1.1. Programming model and basic usage of exceptions

  • Let's use it to explain the above model
double Div(int a, int b) {
	if (b == 0) throw "Zero Div";//Throw a string constant
	cout << "If an exception is thrown, Cut yourself and all at once, Will not execute" << endl;
	return (double)a / (double)b;
}

int main() {
	try {
		cout << Div(4, 0) << endl;
	}
	catch (int errid) {
		//Capture error code shaping for processing
		cout << "error number: " << errid << endl;
	}
	catch (const char* msg) {
		cout << "error message" << msg << endl;
	}
	cout << "Exception handling is over, Keep going backwards, Unless exception handling is interrupted" << endl;
	return 0;
}
  • Analysis: since the exception is thrown, the subsequent code will no longer be executed
  • After exception handling, as long as the process is not terminated, continue exception handling to finish the execution of the next statement

1.2. Custom exception class

class MyException {
public:
	MyException(int errid, string errmsg) 
		: _errid(errid)
		, _errmsg(errmsg) 
	{}

	const string& what() const noexcept {
		return _errmsg;
	}

	int GetErrid() const noexcept {
		return _errid;
	}
private:
	int _errid;
	string _errmsg;
};

1.3. Finding process of exception handling function (looking back along the function stack)

class MyException {
public:
	MyException(int errid, string errmsg) 
		: _errid(errid)
		, _errmsg(errmsg) 
	{}

	const string& what() const noexcept {
		return _errmsg;
	}

	int GetErrid() const noexcept {
		return _errid;
	}
private:
	int _errid;
	string _errmsg;
};


void h() {
	throw MyException(0, "Go back to the exception handler along the function call direction");
}

void g() {
	try {
		h();
	}
	catch (int errid) {
		cout << "g()The error code is: " << errid << endl;
	}
}

void f() {
	try{
		g();
	}
	catch (const runtime_error& re) {
		cout << "f Processing function in function: " << re.what() << endl;
	}

}

int main() {
	try {
		f();
	}
	catch (const MyException& e) {
		cout << "Processing function in main function: " << e.what() << endl;
	}
	catch (...) {//	Generally, in order to handle exceptions, he will be added at the end
		cout << "Processing function in main function: " << "Unknown exception caught" << endl;
	}
	return 0;
}
  • The result, of course, is to go back along the function stack to find the corresponding processing function in the main function for processing

1.4. Re throw of exceptions, multi catch processing (more outer layer processing)

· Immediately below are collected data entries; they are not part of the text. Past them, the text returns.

(* Assume the setting and standing assumptions described in the context. Let $0<\tau_i<\tau_{i+1}$ and let $M_{\tau_i}$, $M_{\tau_{i+1}}$ be the corresponding isochronous manifolds. Then for every $x\in M_{\tau_i}$ there exists a unique $\lambda_x\in(0,1)$ such that $\lambda_x x\in M_{\tau_{i+1}}$, and there is no $\kappa_x\geq 1$ such that $\kappa_x x\in M_{\tau_{i+1}}$.
   Context: Let $f:\mathbb{R}^n\times\mathbb{R}^m\to\mathbb{R}^n$ and a feedback law $\upsilon:\mathbb{R}^n\to\mathbb{R}^m$ be given. Define the extended (event-triggered) vector field $F:\mathbb{R}^{2n}\to\mathbb{R}^{2n}$ by $F(z,e)=\big(f(z,\upsilon(z+e)),\,-f(z,\upsilon(z+e))\big)$ (state $\xi=(\zeta,\varepsilon)$, where $\varepsilon$ is the measurement error). For $x\in\mathbb{R}^n$, $\xi(t;x)$ denotes the solution of $\dot\xi=F(\xi)$ with $\xi(0;x)=(x,0)$. A triggering function $\phi:\mathbb{R}^{2n}\to\mathbb{R}$ is given, and the inter-event time of $x$ is $\tau(x)=\inf\{t>0:\phi(\xi(t;x))=0\}$. The isochronous manifold of time $\tau_\star>0$ is $M_{\tau_\star}=\{x\in\mathbb{R}^n:\tau(x)=\tau_\star\}$. Standing assumptions: (i) $F$ is smooth and homogeneous of degree $\alpha\ge 1$ with all weights equal to $1$, i.e. $F(\lambda\xi)=\lambda^{\alpha+1}F(\xi)$ for all $\lambda>0$; (ii) $\phi$ is smooth and homogeneous of degree $\theta\geq1$ with weights $1$, i.e. $\phi(\lambda\xi)=\lambda^{\theta+1}\phi(\xi)$ for all $\lambda>0$; (iii) for every $x\in\mathbb{R}^n\setminus\{0\}$, $\phi((x,0))<0$ and there exists $t_x\in(0,\infty)$ with $\phi(\xi(t_x;x))=0$; (iv) compact sets $\mathrm{Z}\subset\mathbb{R}^n$ and $\Xi\subset\mathbb{R}^{2n}$, each containing a neighbourhood of the origin, are given such that for all $x\in\mathrm{Z}$ and $t\ge0$, $\phi(\xi(t;x))\le 0$ implies $\xi(t;x)\in\Xi$; (v) the origin is the only equilibrium of $\dot\zeta=f(\zeta,\upsilon(\zeta))$. *)

theory Defs
  imports "HOL-Analysis.Analysis"
begin

text \<open>This is the greatest-fixed-point description of "all iterated directional
  derivatives exist everywhere", i.e. C-infinity on a finite-dimensional space.\<close>
definition smooth_fun :: "('a::euclidean_space \<Rightarrow> 'b::real_normed_vector) \<Rightarrow> bool" where
  "smooth_fun g \<longleftrightarrow> (\<exists>S. g \<in> S \<and> (\<forall>h\<in>S. \<exists>h'. (\<forall>x. (h has_derivative h' x) (at x))
                                 \<and> (\<forall>v. (\<lambda>x. h' x v) \<in> S)))"

definition ext_field ::
  "('n \<Rightarrow> 'm \<Rightarrow> 'n::real_normed_vector) \<Rightarrow> ('n \<Rightarrow> 'm) \<Rightarrow> 'n \<times> 'n \<Rightarrow> 'n \<times> 'n" where
  "ext_field f u = (\<lambda>(z, e). (f z (u (z + e)), - f z (u (z + e))))"

definition is_sol :: "('a \<times> 'a \<Rightarrow> 'a \<times> 'a) \<Rightarrow> 'a::real_normed_vector \<Rightarrow> real
                      \<Rightarrow> (real \<Rightarrow> 'a \<times> 'a) \<Rightarrow> bool" where
  "is_sol F x T y \<longleftrightarrow> 0 \<le> T \<and> y 0 = (x, 0) \<and>
     (\<forall>s\<in>{0..T}. (y has_vector_derivative F (y s)) (at s within {0..T}))"

text \<open>Inter-event time tau(x) = inf {t > 0. phi(xi(t;x)) = 0}; xi(t;x) is the (unique, F being
  smooth) solution value at t, so we quantify over solutions defined on [0,t].\<close>
definition inter_event_time :: "('a \<times> 'a \<Rightarrow> 'a \<times> 'a) \<Rightarrow> ('a \<times> 'a \<Rightarrow> real)
                                 \<Rightarrow> 'a::real_normed_vector \<Rightarrow> real" where
  "inter_event_time F \<phi> x = Inf {t. t > 0 \<and> (\<exists>y. is_sol F x t y \<and> \<phi> (y t) = 0)}"

definition isochronous :: "('a \<times> 'a \<Rightarrow> 'a \<times> 'a) \<Rightarrow> ('a \<times> 'a \<Rightarrow> real) \<Rightarrow> real
                           \<Rightarrow> 'a::real_normed_vector set" where
  "isochronous F \<phi> \<tau>s = {x. inter_event_time F \<phi> x = \<tau>s}"

end

theory Submission imports Defs begin

text \<open>If F is homogeneous of degree \<alpha> then the rescaled curve t \<mapsto> l y(l^\<alpha> t) solves the same
  equation from l x. Hence the event times of l x are those of x divided by l^\<alpha>, so
  \<tau>(l x) = \<tau>(x) / l^\<alpha>. Along the ray through x \<noteq> 0 the inter-event time is therefore strictly
  decreasing and takes the value \<tau>j exactly once, at l = (\<tau>i / \<tau>j)^(1/\<alpha>), which lies in (0,1).\<close>

lemma is_sol_scaleR:
  fixes F :: "'a::real_normed_vector \<times> 'a \<Rightarrow> 'a \<times> 'a"
  assumes F_hom: "\<And>l \<xi>. l > 0 \<Longrightarrow> F (l *\<^sub>R \<xi>) = (l powr (\<alpha> + 1)) *\<^sub>R F \<xi>"
    and l: "l > 0" and sol: "is_sol F x T y"
  shows "is_sol F (l *\<^sub>R x) (T / l powr \<alpha>) (\<lambda>t. l *\<^sub>R y (l powr \<alpha> * t))"
proof -
  define c where "c = l powr \<alpha>"
  have c: "c > 0" using l by (simp add: c_def)
  have T: "T \<ge> 0" and y0: "y 0 = (x, 0)"
    and y': "\<And>s. s \<in> {0..T} \<Longrightarrow> (y has_vector_derivative F (y s)) (at s within {0..T})"
    using sol by (auto simp: is_sol_def)
  have "((\<lambda>t. l *\<^sub>R y (c * t)) has_vector_derivative F (l *\<^sub>R y (c * s))) (at s within {0..T/c})"
    if s: "s \<in> {0..T/c}" for s
  proof -
    have "c * s \<in> {0..T}" using s c by (auto simp: field_simps)
    moreover have "(*) c ` {0..T/c} \<subseteq> {0..T}" using c by (auto simp: field_simps)
    ultimately have "(y has_vector_derivative F (y (c * s))) (at (c * s) within (*) c ` {0..T/c})"
      using y' has_vector_derivative_within_subset by blast
    then have "((y \<circ> (*) c) has_vector_derivative c *\<^sub>R F (y (c * s))) (at s within {0..T/c})"
      by (intro vector_diff_chain_within) (auto intro!: derivative_eq_intros)
    from has_vector_derivative_scaleR[OF DERIV_const[of l] this]
    have "((\<lambda>t. l *\<^sub>R y (c * t)) has_vector_derivative l *\<^sub>R c *\<^sub>R F (y (c * s)))
        (at s within {0..T/c})"
      by (simp add: o_def)
    moreover have "l *\<^sub>R c *\<^sub>R F (y (c * s)) = F (l *\<^sub>R y (c * s))"
      using l by (simp add: F_hom c_def powr_add)
    ultimately show ?thesis by simp
  qed
  then show ?thesis using T c y0 by (simp add: is_sol_def c_def)
qed

definition event_times :: "('a \<times> 'a \<Rightarrow> 'a \<times> 'a) \<Rightarrow> ('a \<times> 'a \<Rightarrow> real) \<Rightarrow> 'a::real_normed_vector
                             \<Rightarrow> real set" where
  "event_times F \<phi> x = {t. t > 0 \<and> (\<exists>y. is_sol F x t y \<and> \<phi> (y t) = 0)}"

lemma inter_event_time_eq_Inf: "inter_event_time F \<phi> x = Inf (event_times F \<phi> x)"
  by (simp add: inter_event_time_def event_times_def)

lemma event_times_scaleR:
  fixes F :: "'a::real_normed_vector \<times> 'a \<Rightarrow> 'a \<times> 'a"
  assumes F_hom: "\<And>l \<xi>. l > 0 \<Longrightarrow> F (l *\<^sub>R \<xi>) = (l powr (\<alpha> + 1)) *\<^sub>R F \<xi>"
    and \<phi>_hom: "\<And>l \<xi>. l > 0 \<Longrightarrow> \<phi> (l *\<^sub>R \<xi>) = l powr (\<theta> + 1) * \<phi> \<xi>"
    and l: "l > 0"
  shows "event_times F \<phi> (l *\<^sub>R x) = (\<lambda>s. s / l powr \<alpha>) ` event_times F \<phi> x"
proof -
  have scaled: "t / l powr \<alpha> \<in> event_times F \<phi> (l *\<^sub>R x)"
    if t: "t \<in> event_times F \<phi> x" and l: "l > 0" for l x t
  proof -
    obtain y where "t > 0" and y: "is_sol F x t y" "\<phi> (y t) = 0"
      using t by (auto simp: event_times_def)
    moreover have "\<phi> (l *\<^sub>R y (l powr \<alpha> * (t / l powr \<alpha>))) = 0" using l y(2) by (simp add: \<phi>_hom)
    ultimately show ?thesis
      using is_sol_scaleR[OF F_hom l y(1)] l by (auto simp: event_times_def)
  qed
  show ?thesis
  proof (intro antisym subsetI)
    fix t assume "t \<in> event_times F \<phi> (l *\<^sub>R x)"
    then have "t / inverse l powr \<alpha> \<in> event_times F \<phi> (inverse l *\<^sub>R l *\<^sub>R x)"
      using l by (intro scaled) auto
    then have "t * l powr \<alpha> \<in> event_times F \<phi> x"
      using l by (simp add: inverse_powr divide_inverse)
    then show "t \<in> (\<lambda>s. s / l powr \<alpha>) ` event_times F \<phi> x"
      using l by (auto intro!: image_eqI[where x="t * l powr \<alpha>"])
  qed (use scaled l in auto)
qed

lemma Inf_image_divide:
  fixes S :: "real set"
  assumes "S \<noteq> {}" "bdd_below S" "c > 0"
  shows "Inf ((\<lambda>s. s / c) ` S) = Inf S / c"
  using assms
  by (intro continuous_at_Inf_mono[symmetric])
     (auto intro!: monoI divide_right_mono continuous_intros)

lemma inter_event_time_scaleR:
  fixes F :: "'a::real_normed_vector \<times> 'a \<Rightarrow> 'a \<times> 'a"
  assumes F_hom: "\<And>l \<xi>. l > 0 \<Longrightarrow> F (l *\<^sub>R \<xi>) = (l powr (\<alpha> + 1)) *\<^sub>R F \<xi>"
    and \<phi>_hom: "\<And>l \<xi>. l > 0 \<Longrightarrow> \<phi> (l *\<^sub>R \<xi>) = l powr (\<theta> + 1) * \<phi> \<xi>"
    and l: "l > 0" and hit: "event_times F \<phi> x \<noteq> {}"
  shows "inter_event_time F \<phi> (l *\<^sub>R x) = inter_event_time F \<phi> x / l powr \<alpha>"
proof -
  have "bdd_below (event_times F \<phi> x)"
    by (auto simp: event_times_def intro!: bdd_belowI[where m=0])
  then show ?thesis
    using hit l by (simp add: inter_event_time_eq_Inf event_times_scaleR[OF F_hom \<phi>_hom l]
        Inf_image_divide)
qed

lemma homogeneous_zero:
  fixes g :: "'a::real_vector \<Rightarrow> 'b::real_vector"
  assumes hom: "\<And>l \<xi>. l > 0 \<Longrightarrow> g (l *\<^sub>R \<xi>) = l powr d *\<^sub>R g \<xi>" and d: "d \<noteq> 0"
  shows "g 0 = 0"
proof -
  have "g 0 = 2 powr d *\<^sub>R g 0" using hom[of 2 0] by simp
  moreover have "(2::real) powr d \<noteq> 1" using d by (simp add: powr_eq_one_iff_gen)
  ultimately show ?thesis by (metis scaleR_cancel_right scaleR_one)
qed

lemma inter_event_time_zero:
  assumes "F 0 = 0" "\<phi> 0 = 0"
  shows "inter_event_time F \<phi> 0 = 0"
proof -
  have "is_sol F 0 t (\<lambda>_. 0)" if "t \<ge> 0" for t
    using assms that has_vector_derivative_const[of 0] by (auto simp: is_sol_def zero_prod_def[symmetric])
  then have "event_times F \<phi> 0 = {0<..}"
    using assms by (auto simp: event_times_def intro!: exI[of _ "\<lambda>_. 0"])
  then show ?thesis by (simp add: inter_event_time_eq_Inf)
qed

lemma powr_eq_in_unit_interval:
  fixes a \<alpha> :: real
  assumes "\<alpha> > 0" "0 < a" "a < 1"
  shows "(\<exists>!l. l \<in> {0<..<1} \<and> l powr \<alpha> = a) \<and> \<not> (\<exists>k\<ge>1. k powr \<alpha> = a)"
proof
  show "\<exists>!l. l \<in> {0<..<1} \<and> l powr \<alpha> = a"
  proof (rule ex1I)
    show "a powr (1 / \<alpha>) \<in> {0<..<1} \<and> (a powr (1 / \<alpha>)) powr \<alpha> = a"
      using assms powr_less_mono2[of "1 / \<alpha>" a 1] by (simp add: powr_powr)
    show "l = a powr (1 / \<alpha>)" if "l \<in> {0<..<1} \<and> l powr \<alpha> = a" for l
      using that assms by (auto simp: powr_powr)
  qed
  show "\<not> (\<exists>k\<ge>1. k powr \<alpha> = a)"
    using assms ge_one_powr_ge_zero[of _ \<alpha>] by force
qed

theorem proposition2:
  fixes f :: "real^'n \<Rightarrow> real^'m \<Rightarrow> real^'n"
    and \<upsilon> :: "real^'n \<Rightarrow> real^'m"
    and \<phi> :: "((real^'n) \<times> (real^'n)) \<Rightarrow> real"
    and \<alpha> \<theta> \<tau>i \<tau>j :: real
    and Z :: "(real^'n) set" and \<Xi> :: "((real^'n) \<times> (real^'n)) set"
  assumes F_smooth: "smooth_fun (ext_field f \<upsilon>)"
    and \<alpha>: "\<alpha> \<ge> 1"
    and F_hom: "\<And>l \<xi>. l > 0 \<Longrightarrow> ext_field f \<upsilon> (l *\<^sub>R \<xi>) = (l powr (\<alpha> + 1)) *\<^sub>R ext_field f \<upsilon> \<xi>"
    and \<phi>_smooth: "smooth_fun \<phi>"
    and \<theta>: "\<theta> \<ge> 1"
    and \<phi>_hom: "\<And>l \<xi>. l > 0 \<Longrightarrow> \<phi> (l *\<^sub>R \<xi>) = l powr (\<theta> + 1) * \<phi> \<xi>"
    and \<phi>_neg: "\<And>x. x \<noteq> 0 \<Longrightarrow> \<phi> (x, 0) < 0"
    and \<phi>_hit: "\<And>x. x \<noteq> 0 \<Longrightarrow> \<exists>t>0. \<exists>y. is_sol (ext_field f \<upsilon>) x t y \<and> \<phi> (y t) = 0"
    and Z: "compact Z" "0 \<in> interior Z"
    and \<Xi>: "compact \<Xi>" "0 \<in> interior \<Xi>"
    and Z_\<Xi>: "\<And>x t y. x \<in> Z \<Longrightarrow> t \<ge> 0 \<Longrightarrow> is_sol (ext_field f \<upsilon>) x t y \<Longrightarrow> \<phi> (y t) \<le> 0 \<Longrightarrow> y t \<in> \<Xi>"
    and equil: "\<And>z. f z (\<upsilon> z) = 0 \<longleftrightarrow> z = 0"
    and \<tau>: "0 < \<tau>i" "\<tau>i < \<tau>j"
    and x: "x \<in> isochronous (ext_field f \<upsilon>) \<phi> \<tau>i"
  shows "(\<exists>!l. l \<in> {0<..<1} \<and> l *\<^sub>R x \<in> isochronous (ext_field f \<upsilon>) \<phi> \<tau>j)
         \<and> \<not> (\<exists>k\<ge>1. k *\<^sub>R x \<in> isochronous (ext_field f \<upsilon>) \<phi> \<tau>j)"
proof -
  let ?F = "ext_field f \<upsilon>"
  have "?F 0 = 0" using homogeneous_zero[of ?F "\<alpha> + 1"] F_hom \<alpha> by simp
  moreover have "\<phi> 0 = 0" using homogeneous_zero[of \<phi> "\<theta> + 1"] \<phi>_hom \<theta> by simp
  ultimately have "x \<noteq> 0"
    using x \<tau> inter_event_time_zero[of ?F \<phi>] by (auto simp: isochronous_def)
  then have "event_times ?F \<phi> x \<noteq> {}" using \<phi>_hit by (auto simp: event_times_def)
  then have scaled: "inter_event_time ?F \<phi> (l *\<^sub>R x) = \<tau>i / l powr \<alpha>" if "l > 0" for l
    using inter_event_time_scaleR[OF F_hom \<phi>_hom that] x by (simp add: isochronous_def)
  have on_ray: "l *\<^sub>R x \<in> isochronous ?F \<phi> \<tau>j \<longleftrightarrow> l powr \<alpha> = \<tau>i / \<tau>j" if "l > 0" for l
    using scaled[OF that] that \<tau> by (auto simp: isochronous_def field_simps)
  have "(\<exists>!l. l \<in> {0<..<1} \<and> l powr \<alpha> = \<tau>i / \<tau>j) \<and> \<not> (\<exists>k\<ge>1. k powr \<alpha> = \<tau>i / \<tau>j)"
    using \<alpha> \<tau> by (intro powr_eq_in_unit_interval) auto
  moreover have "l \<in> {0<..<1} \<and> l *\<^sub>R x \<in> isochronous ?F \<phi> \<tau>j \<longleftrightarrow>
      l \<in> {0<..<1} \<and> l powr \<alpha> = \<tau>i / \<tau>j" for l
    using on_ray[of l] by auto
  ultimately show ?thesis using on_ray by auto
qed

end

1.4.1 prevent memory leakage during exception handling

class Test {
public:
	Test() {
		//default ctor 
	}	
	~Test() {
		cout << "dtor" << endl;
	}
};

int main() {
	try {
		//Test t;    There must be no problem with the stack object
		Test* pt = new Test;//What about the pile area?
		throw 1;
        delete pt;   //What happens??? No execution, memory leak
	}
	catch (int errid) {
		cout << "Will I call destructors???" << endl;
		cout << errid << endl;
	}
	return 0;
}

  • The result is that the destructor is not called automatically. What's the matter???? Indicates a memory leak
  • Therefore, memory leakage is also a problem that needs special attention in write exception handling

1.4.2 multi catch processing of exceptions. The inner layer does not process and continues to throw out,

double Div(int a, int b) {
	if (b == 0) {
		throw MyException(0, "Zero Div");
	}
	return (double)a / (double)b;
}

void func() {
 // Here you can see that if an exception except 0 error occurs, the following array is not released.
 // Therefore, the exception is not handled after it is captured here. The exception is still handed over to the outside for processing. After it is captured here
 // Throw it back.
	int* arr = new int[4]{ 0 };
	try{
		int a, b;
		cout << "Please enter the divisor and divisor: " << endl;
		cin >> a >> b;
		cout << Div(a, b) << endl;
	}
	catch (...) {	//I only deal with memory. As for information and so on, I continue to throw it to other functions for processing		
		cout << "delete[]" << endl;
		delete[] arr;
		throw;//Keep throwing it out
	}
}
int main() {
	try {
		func();
	}
	catch (const MyException& e) {
		cout << "error message: " << e.what() << endl;
	}
	return 0;
}

1.5. Inheritance of exception class (polymorphic processing, base class object references subclass object)

  • Ask the first question?? Why should we inherit to deal with it? Can't we write by ourselves???

First of all, it's not impossible to write by ourselves, but the scene is inappropriate. It's great for everyone to write an exception class. But when we need to call the corresponding processing function, do we need to modify the class name everywhere to call the corresponding processing function? Where would you like to go??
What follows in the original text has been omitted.